-------- The records

(* Let $\alpha>0$ be fixed and let $\mathscr{N}$ be a feasible functional on a finite dimensional Hilbert space $\mathcal{H}$. Consider the augmented dual ascent scheme $$x^{n+1} = \operatorname{arg\,min}_{x} \mathscr{N}^{**}(x)+\langle x,\Lambda^n\rangle +\frac{\alpha}{2}\|x\|^2,\qquad \Lambda^{n+1} = \Lambda^{n} + \alpha\mathcal{P}_{\mathcal{M}^\perp}(x^{n+1}),\qquad \Lambda^0=0.$$ Suppose that $\mathscr{N}$ is finite-valued, or that $(\Lambda^{n})_{n=1}^\infty$ is a bounded sequence. Then $(x^{n})_{n=1}^\infty$ and $(\Lambda^{n})_{n=1}^\infty$ converge to some limits $x^\star$ and $\Lambda^\star$, where $x^\star$ is the solution to $\operatorname{arg\,min}_{x\in\mathcal{M}}\mathscr{N}^{**}(x)+\frac{\alpha}{2}\|x\|^2$.
   Context: $\mathcal{M}\subset\mathcal{H}$ is a linear subspace, $\mathcal{P}_{\mathcal{M}^\perp}$ the orthogonal projection onto $\mathcal{M}^\perp$, $\mathscr{N}^{**}$ the double Fenchel conjugate (l.s.c. convex envelope) of $\mathscr{N}$. A functional $\mathscr{N}:\mathcal{H}\to(-\infty,\infty]$ is called feasible if it is lower semi-continuous, proper, bounded below, and satisfies $\lim_{\|x\|\rightarrow\infty}\mathscr{N}(x)/\|x\|=\infty$. *)

theory Defs
  imports "HOL-Analysis.Analysis"
begin

definition lsc :: "('a::topological_space \<Rightarrow> ereal) \<Rightarrow> bool" where
  "lsc f \<longleftrightarrow> (\<forall>c::ereal. closed {x. f x \<le> c})"

definition feasible :: "('a::real_normed_vector \<Rightarrow> ereal) \<Rightarrow> bool" where
  "feasible N \<longleftrightarrow>
     lsc N \<and>
     (\<forall>x. N x \<noteq> -\<infinity>) \<and> (\<exists>x. N x \<noteq> \<infinity>) \<and>
     (\<exists>c::real. \<forall>x. ereal c \<le> N x) \<and>
     ((\<lambda>x. N x / ereal (norm x)) \<longlongrightarrow> \<infinity>) at_infinity"

definition fconj :: "('a::real_inner \<Rightarrow> ereal) \<Rightarrow> 'a \<Rightarrow> ereal" where
  "fconj f y = (SUP x. ereal (x \<bullet> y) - f x)"

definition proj_perp :: "'a::real_inner set \<Rightarrow> 'a \<Rightarrow> 'a" where
  "proj_perp M x = (THE y. y \<in> orthogonal_comp M \<and> x - y \<in> M)"

end

theory Submission
  imports Defs
begin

----------------

# [What to do]
Using the material above, output each line exactly as it appears.

# [The answer]
(* Let $\alpha>0$ be fixed and let $\mathscr{N}$ be a feasible functional on a finite dimensional Hilbert space $\mathcal{H}$. Consider the augmented dual ascent scheme $$x^{n+1} = \operatorname{arg\,min}_{x} \mathscr{N}^{**}(x)+\langle x,\Lambda^n\rangle +\frac{\alpha}{2}\|x\|^2,\qquad \Lambda^{n+1} = \Lambda^{n} + \alpha\mathcal{P}_{\mathcal{M}^\perp}(x^{n+1}),\qquad \Lambda^0=0.$$ Suppose that $\mathscr{N}$ is finite-valued, or that $(\Lambda^{n})_{n=1}^\infty$ is a bounded sequence. Then $(x^{n})_{n=1}^\infty$ and $(\Lambda^{n})_{n=1}^\infty$ converge to some limits $x^\star$ and $\Lambda^\star$, where $x^\star$ is the solution to $\operatorname{arg\,min}_{x\in\mathcal{M}}\mathscr{N}^{**}(x)+\frac{\alpha}{2}\|x\|^2$.
   Context: $\mathcal{M}\subset\mathcal{H}$ is a linear subspace, $\mathcal{P}_{\mathcal{M}^\perp}$ the orthogonal projection onto $\mathcal{M}^\perp$, $\mathscr{N}^{**}$ the double Fenchel conjugate (l.s.c. convex envelope) of $\mathscr{N}$. A functional $\mathscr{N}:\mathcal{H}\to(-\infty,\infty]$ is called feasible if it is lower semi-continuous, proper, bounded below, and satisfies $\lim_{\|x\|\rightarrow\infty}\mathscr{N}(x)/\|x\|=\infty$. *)

theory Defs
  imports "HOL-Analysis.Analysis"
begin

definition lsc :: "('a::topological_space \<Rightarrow> ereal) \<Rightarrow> bool" where
  "lsc f \<longleftrightarrow> (\<forall>c::ereal. closed {x. f x \<le> c})"

definition feasible :: "('a::real_normed_vector \<Rightarrow> ereal) \<Rightarrow> bool" where
  "feasible N \<longleftrightarrow>
     lsc N \<and>
     (\<forall>x. N x \<noteq> -\<infinity>) \<and> (\<exists>x. N x \<noteq> \<infinity>) \<and>
     (\<exists>c::real. \<forall>x. ereal c \<le> N x) \<and>
     ((\<lambda>x. N x / ereal (norm x)) \<longlongrightarrow> \<infinity>) at_infinity"

definition fconj :: "('a::real_inner \<Rightarrow> ereal) \<Rightarrow> 'a \<Rightarrow> ereal" where
  "fconj f y = (SUP x. ereal (x \<bullet> y) - f x)"

definition proj_perp :: "'a::real_inner set \<Rightarrow> 'a \<Rightarrow> 'a" where
  "proj_perp M x = (THE y. y \<in> orthogonal_comp M \<and> x - y \<in> M)"

end

theory Submission
  imports Defs
begin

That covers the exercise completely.